Export deutscher Verpackungsmaschinen

Die Alleskönnerin

Von Alexandra Grossmann · 2017

Die Verpackung ist aus unserem Leben nicht wegzudenken und so vielseitig wie die berühmte eierlegende Wollmilchsau. Sie schützt und stabilisiert, sie warnt und zeichnet auf, sie verführt und überrascht. Dennoch ist sie unbeliebt, denn es gibt immer und immer mehr davon. Doch die Bemühungen wachsen, schlankere, effizientere und nachhaltigere Verpackungslösungen zu finden.

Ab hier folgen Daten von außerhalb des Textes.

lemma dist_le_path_hop_weight:
  "is_path V (E \<union> hop_edges) xs x y \<Longrightarrow> d x y \<le> ereal (path_length hop_weight xs)"
proof (induction xs arbitrary: x rule: induct_list012)
  case (2 u)
  then show ?case using dist_self by (simp add: zero_ereal_def)
next
  case (3 u v zs)
  then have "x = u" "{u, v} \<in> E \<union> hop_edges" "is_path V (E \<union> hop_edges) (v # zs) v y"
    by (auto simp: is_path_Cons_Cons)
  then have "d x y \<le> d x v + d v y" "d x v \<le> ereal (hop_weight {u, v})"
    "d v y \<le> ereal (path_length hop_weight (v # zs))"
    using dist_triangle[of x y v] dist_le_hop_weight 3(2) by auto
  then have "d x y \<le> ereal (hop_weight {u, v}) + ereal (path_length hop_weight (v # zs))"
    by (meson add_mono order_trans)
  then show ?case using \<open>x = u\<close> by simp
qed (simp add: is_path_def)

lemma dist_le_hop_path: "hop_path h x y L \<Longrightarrow> d x y \<le> ereal L"
  unfolding hop_path_def using dist_le_path_hop_weight order_trans by (meson ereal_less_eq(3))

lemma bunch_edge_mem:
  "i \<le> m \<Longrightarrow> u \<in> A i \<Longrightarrow> v \<in> bunch i u \<Longrightarrow> u \<noteq> v \<Longrightarrow> d u v \<noteq> \<infinity> \<Longrightarrow> {u, v} \<in> hop_edges"
  unfolding hop_edges_def bunch_edges_def mem_Collect_eq
  by (intro UnI1 CollectI exI[of _ u] exI[of _ v] exI[of _ i]) simp

lemma pivot_edge_mem:
  "i < m \<Longrightarrow> u \<in> A i \<Longrightarrow> u \<notin> A (Suc i) \<Longrightarrow> A (Suc i) \<noteq> {} \<Longrightarrow> d u (pivot i u) \<noteq> \<infinity> \<Longrightarrow>
    {u, pivot i u} \<in> hop_edges"
  unfolding hop_edges_def pivot_edges_def mem_Collect_eq
  by (intro UnI2 CollectI exI[of _ u] exI[of _ i]) simp

lemma bunch_or_pivot:
  assumes "i \<le> m" "u \<in> A i" "v \<in> A i" "d u v = ereal R"
  shows "hop_path 1 u v R \<or> (\<exists>z\<in>A (Suc i). hop_path 1 u z R)"
proof -
  have uV: "u \<in> V" and R: "0 \<le> R" using assms A_subset dist_nonneg[of u v] by auto
  show ?thesis
  proof (cases "v \<in> bunch i u")
    case True
    show ?thesis
    proof (cases "u = v")
      case True
      then show ?thesis using hop_path_mono[OF hop_path_refl[OF uV], of 1 R] R by simp
    next
      case False
      then have "{u, v} \<in> hop_edges"
        using \<open>v \<in> bunch i u\<close> assms by (intro bunch_edge_mem) auto
      then show ?thesis using hop_path_hop_edge assms(4) by fastforce
    qed
  next
    case False
    then have close: "dist_to u (A (Suc i)) \<le> ereal R" using assms unfolding bunch_def by auto
    then have ne: "A (Suc i) \<noteq> {}" using dist_to_empty by auto
    then have "i < m" using assms(1) A_top by (cases "i = m") auto
    show ?thesis
    proof (cases "u \<in> A (Suc i)")
      case True
      then show ?thesis using hop_path_mono[OF hop_path_refl[OF uV], of 1 R] R by auto
    next
      case False
      have p: "pivot i u \<in> A (Suc i)" "d u (pivot i u) \<le> ereal R"
        using pivot_mem_dist[OF ne, of u] close by auto
      then have "{u, pivot i u} \<in> hop_edges"
        using \<open>i < m\<close> assms(2) False ne by (intro pivot_edge_mem) auto
      moreover have "edge_dist {u, pivot i u} \<le> R"
        using p dist_nonneg[of u "pivot i u"] by (cases "d u (pivot i u)") auto
      ultimately show ?thesis using p(1) hop_path_hop_edge hop_path_mono by blast
    qed
  qed
qed
(* Let $A$ be a strongly AUF algebra, let $M\in\mathrm{Coh}_{\mathrm L}(A)$ be a projective generator of $\mathrm{Coh}_{\mathrm L}(A)$, and let $B=\mathrm{End}_{A,-}(M)^{\mathrm{op}}$, so that $M$ is an $A$-$B$ bimodule. Let $\psi\in\mathrm{SLF}(A)$ and let ${}^\psi\mathrm{Tr}\in\mathrm{SLF}(B)$ be the right pseudotrace associated to $\psi$ and $M$. Then $\psi$ is non-degenerate if and only if ${}^\psi\mathrm{Tr}$ is non-degenerate.
   Context: All algebras are associative $\mathbb C$-algebras, not necessarily unital. An idempotent is an element $e$ with $e^2=e$. An algebra $A$ is AUF if there is a family $(e_i)_{i\in\mathfrak I}$ of mutually orthogonal idempotents with $\dim e_iAe_j<\infty$ for all $i,j$ and $A=\sum_{i,j}e_iAe_j$. A left $A$-module $M$ is quasicoherent if $\xi\in A\xi$ for all $\xi\in M$, coherent if quasicoherent and finitely generated; $\mathrm{Coh}_{\mathrm L}(A)$ is the category of coherent left $A$-modules. Irreducible means nonzero with no nonzero proper submodules. An idempotent $e\in A$ is generating if every irreducible quasicoherent left $A$-module is a quotient of $Ae$; $A$ is strongly AUF if it is AUF and has a generating idempotent. A projective generator of $\mathrm{Coh}_{\mathrm L}(A)$ is an object that is projective as a left $A$-module and such that every object of $\mathrm{Coh}_{\mathrm L}(A)$ is a quotient of a finite direct sum of copies of it. $B=\mathrm{End}_{A,-}(M)^{\mathrm{op}}$ (left $A$-module endomorphisms, opposite multiplication) acts on the right of $M$ by $\xi\cdot T=T(\xi)$. $\mathrm{SLF}(C)$ is the space of linear $\phi:C\to\mathbb C$ with $\phi(xy)=\phi(yx)$; such $\phi$ is non-degenerate if $\{x\in C:\phi(xy)=0\ \forall y\in C\}=0$. Right pseudotrace: choose an idempotent $e\in A$ and finitely many left $A$-module maps $\beta_j:Ae\to M$, $\check\beta^j:M\to Ae$ with $\sum_j\beta_j\circ\check\beta^j=\mathrm{id}_M$ (such exist); then ${}^\psi\mathrm{Tr}(y)=\sum_j\psi\big(\check\beta^j(\beta_j(e)y)\big)$ for $y\in B$, which is independent of the choices and lies in $\mathrm{SLF}(B)$. *)

theory Defs
  imports Complex_Main
begin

Sie ist allgegenwärtig. Fast alles, was uns umgibt, kam in der einen oder anderen Verpackung zu uns, seien es unser Essen, unsere Medikamente oder unser Smartphone. Ohne sie wären die Dinge verdorben, kaputt oder ausgelaufen. Ihr Ruf ist denkbar schlecht, von Verpackungsmüll und Verpackungsbergen ist die Rede, nach jedem Einkauf stapeln sich Schachteln, Kunststofffolien und Plastikbecher. Doch wir brauchen die Verpackung, und sie ist viel besser als ihr Ruf.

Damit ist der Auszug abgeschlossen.